> About this exercise
Each entry below has to be written out again without any change.

> The records

···

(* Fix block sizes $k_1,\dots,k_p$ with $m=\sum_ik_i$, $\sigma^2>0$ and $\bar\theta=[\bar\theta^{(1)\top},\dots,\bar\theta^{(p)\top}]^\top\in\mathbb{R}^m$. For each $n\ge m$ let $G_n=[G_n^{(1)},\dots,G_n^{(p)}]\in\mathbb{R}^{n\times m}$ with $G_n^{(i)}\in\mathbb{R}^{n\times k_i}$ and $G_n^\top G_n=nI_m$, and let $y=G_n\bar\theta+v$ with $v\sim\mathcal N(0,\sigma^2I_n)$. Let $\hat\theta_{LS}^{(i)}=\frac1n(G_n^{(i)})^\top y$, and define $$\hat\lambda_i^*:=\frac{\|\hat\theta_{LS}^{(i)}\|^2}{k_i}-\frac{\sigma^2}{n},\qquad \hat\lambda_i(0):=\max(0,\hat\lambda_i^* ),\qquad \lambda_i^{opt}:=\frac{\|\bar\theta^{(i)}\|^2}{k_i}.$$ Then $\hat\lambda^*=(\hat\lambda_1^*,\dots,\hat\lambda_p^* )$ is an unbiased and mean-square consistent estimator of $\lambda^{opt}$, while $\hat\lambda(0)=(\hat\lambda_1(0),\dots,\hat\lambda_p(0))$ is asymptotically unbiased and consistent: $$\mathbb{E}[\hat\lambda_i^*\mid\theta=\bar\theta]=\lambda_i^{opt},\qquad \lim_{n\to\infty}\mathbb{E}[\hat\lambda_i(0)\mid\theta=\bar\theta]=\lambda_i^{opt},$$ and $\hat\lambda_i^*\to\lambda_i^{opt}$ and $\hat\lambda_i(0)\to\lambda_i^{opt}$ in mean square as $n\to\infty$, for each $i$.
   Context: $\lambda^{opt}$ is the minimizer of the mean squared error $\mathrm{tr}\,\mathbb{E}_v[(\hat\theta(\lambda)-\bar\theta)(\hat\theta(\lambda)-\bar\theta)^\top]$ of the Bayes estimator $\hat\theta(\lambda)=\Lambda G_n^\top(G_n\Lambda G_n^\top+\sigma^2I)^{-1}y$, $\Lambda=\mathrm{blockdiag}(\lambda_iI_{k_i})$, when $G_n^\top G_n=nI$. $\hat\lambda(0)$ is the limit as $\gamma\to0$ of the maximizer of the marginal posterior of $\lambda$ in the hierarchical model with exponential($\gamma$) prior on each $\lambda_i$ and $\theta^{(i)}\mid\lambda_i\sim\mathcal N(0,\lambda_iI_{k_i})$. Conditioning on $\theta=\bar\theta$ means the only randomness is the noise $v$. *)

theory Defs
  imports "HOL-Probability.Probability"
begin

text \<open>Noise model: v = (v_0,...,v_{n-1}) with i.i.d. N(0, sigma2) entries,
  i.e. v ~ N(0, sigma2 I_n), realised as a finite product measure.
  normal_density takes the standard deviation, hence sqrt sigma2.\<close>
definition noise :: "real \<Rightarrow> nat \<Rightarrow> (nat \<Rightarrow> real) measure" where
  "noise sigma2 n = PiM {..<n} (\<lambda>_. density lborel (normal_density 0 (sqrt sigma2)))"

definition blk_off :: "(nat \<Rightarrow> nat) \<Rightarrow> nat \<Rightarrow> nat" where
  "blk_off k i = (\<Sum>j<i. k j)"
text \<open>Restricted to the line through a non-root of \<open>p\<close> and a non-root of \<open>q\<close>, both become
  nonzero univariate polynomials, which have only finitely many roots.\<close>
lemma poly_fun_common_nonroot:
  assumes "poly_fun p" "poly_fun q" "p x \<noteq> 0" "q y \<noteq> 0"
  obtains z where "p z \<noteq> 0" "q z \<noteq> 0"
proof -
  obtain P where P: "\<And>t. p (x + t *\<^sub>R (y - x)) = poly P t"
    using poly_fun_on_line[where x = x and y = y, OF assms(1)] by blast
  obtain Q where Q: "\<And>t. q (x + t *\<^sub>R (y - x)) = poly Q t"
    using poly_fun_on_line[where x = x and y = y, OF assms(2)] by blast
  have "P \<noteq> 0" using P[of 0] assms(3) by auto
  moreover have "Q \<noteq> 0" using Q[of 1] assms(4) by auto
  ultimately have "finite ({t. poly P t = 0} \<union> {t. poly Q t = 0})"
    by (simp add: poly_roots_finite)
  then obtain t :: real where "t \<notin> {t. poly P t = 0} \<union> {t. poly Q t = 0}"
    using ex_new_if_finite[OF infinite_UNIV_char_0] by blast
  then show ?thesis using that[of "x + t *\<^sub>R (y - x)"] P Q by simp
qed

···

> Answer below
(* Fix block sizes $k_1,\dots,k_p$ with $m=\sum_ik_i$, $\sigma^2>0$ and $\bar\theta=[\bar\theta^{(1)\top},\dots,\bar\theta^{(p)\top}]^\top\in\mathbb{R}^m$. For each $n\ge m$ let $G_n=[G_n^{(1)},\dots,G_n^{(p)}]\in\mathbb{R}^{n\times m}$ with $G_n^{(i)}\in\mathbb{R}^{n\times k_i}$ and $G_n^\top G_n=nI_m$, and let $y=G_n\bar\theta+v$ with $v\sim\mathcal N(0,\sigma^2I_n)$. Let $\hat\theta_{LS}^{(i)}=\frac1n(G_n^{(i)})^\top y$, and define $$\hat\lambda_i^*:=\frac{\|\hat\theta_{LS}^{(i)}\|^2}{k_i}-\frac{\sigma^2}{n},\qquad \hat\lambda_i(0):=\max(0,\hat\lambda_i^* ),\qquad \lambda_i^{opt}:=\frac{\|\bar\theta^{(i)}\|^2}{k_i}.$$ Then $\hat\lambda^*=(\hat\lambda_1^*,\dots,\hat\lambda_p^* )$ is an unbiased and mean-square consistent estimator of $\lambda^{opt}$, while $\hat\lambda(0)=(\hat\lambda_1(0),\dots,\hat\lambda_p(0))$ is asymptotically unbiased and consistent: $$\mathbb{E}[\hat\lambda_i^*\mid\theta=\bar\theta]=\lambda_i^{opt},\qquad \lim_{n\to\infty}\mathbb{E}[\hat\lambda_i(0)\mid\theta=\bar\theta]=\lambda_i^{opt},$$ and $\hat\lambda_i^*\to\lambda_i^{opt}$ and $\hat\lambda_i(0)\to\lambda_i^{opt}$ in mean square as $n\to\infty$, for each $i$.
   Context: $\lambda^{opt}$ is the minimizer of the mean squared error $\mathrm{tr}\,\mathbb{E}_v[(\hat\theta(\lambda)-\bar\theta)(\hat\theta(\lambda)-\bar\theta)^\top]$ of the Bayes estimator $\hat\theta(\lambda)=\Lambda G_n^\top(G_n\Lambda G_n^\top+\sigma^2I)^{-1}y$, $\Lambda=\mathrm{blockdiag}(\lambda_iI_{k_i})$, when $G_n^\top G_n=nI$. $\hat\lambda(0)$ is the limit as $\gamma\to0$ of the maximizer of the marginal posterior of $\lambda$ in the hierarchical model with exponential($\gamma$) prior on each $\lambda_i$ and $\theta^{(i)}\mid\lambda_i\sim\mathcal N(0,\lambda_iI_{k_i})$. Conditioning on $\theta=\bar\theta$ means the only randomness is the noise $v$. *)

theory Defs
  imports "HOL-Probability.Probability"
begin

text \<open>Noise model: v = (v_0,...,v_{n-1}) with i.i.d. N(0, sigma2) entries,
  i.e. v ~ N(0, sigma2 I_n), realised as a finite product measure.
  normal_density takes the standard deviation, hence sqrt sigma2.\<close>
definition noise :: "real \<Rightarrow> nat \<Rightarrow> (nat \<Rightarrow> real) measure" where
  "noise sigma2 n = PiM {..<n} (\<lambda>_. density lborel (normal_density 0 (sqrt sigma2)))"

definition blk_off :: "(nat \<Rightarrow> nat) \<Rightarrow> nat \<Rightarrow> nat" where
  "blk_off k i = (\<Sum>j<i. k j)"
text \<open>Restricted to the line through a non-root of \<open>p\<close> and a non-root of \<open>q\<close>, both become
  nonzero univariate polynomials, which have only finitely many roots.\<close>
lemma poly_fun_common_nonroot:
  assumes "poly_fun p" "poly_fun q" "p x \<noteq> 0" "q y \<noteq> 0"
  obtains z where "p z \<noteq> 0" "q z \<noteq> 0"
proof -
  obtain P where P: "\<And>t. p (x + t *\<^sub>R (y - x)) = poly P t"
    using poly_fun_on_line[where x = x and y = y, OF assms(1)] by blast
  obtain Q where Q: "\<And>t. q (x + t *\<^sub>R (y - x)) = poly Q t"
    using poly_fun_on_line[where x = x and y = y, OF assms(2)] by blast
  have "P \<noteq> 0" using P[of 0] assms(3) by auto
  moreover have "Q \<noteq> 0" using Q[of 1] assms(4) by auto
  ultimately have "finite ({t. poly P t = 0} \<union> {t. poly Q t = 0})"
    by (simp add: poly_roots_finite)
  then obtain t :: real where "t \<notin> {t. poly P t = 0} \<union> {t. poly Q t = 0}"
    using ex_new_if_finite[OF infinite_UNIV_char_0] by blast
  then show ?thesis using that[of "x + t *\<^sub>R (y - x)"] P Q by simp
qed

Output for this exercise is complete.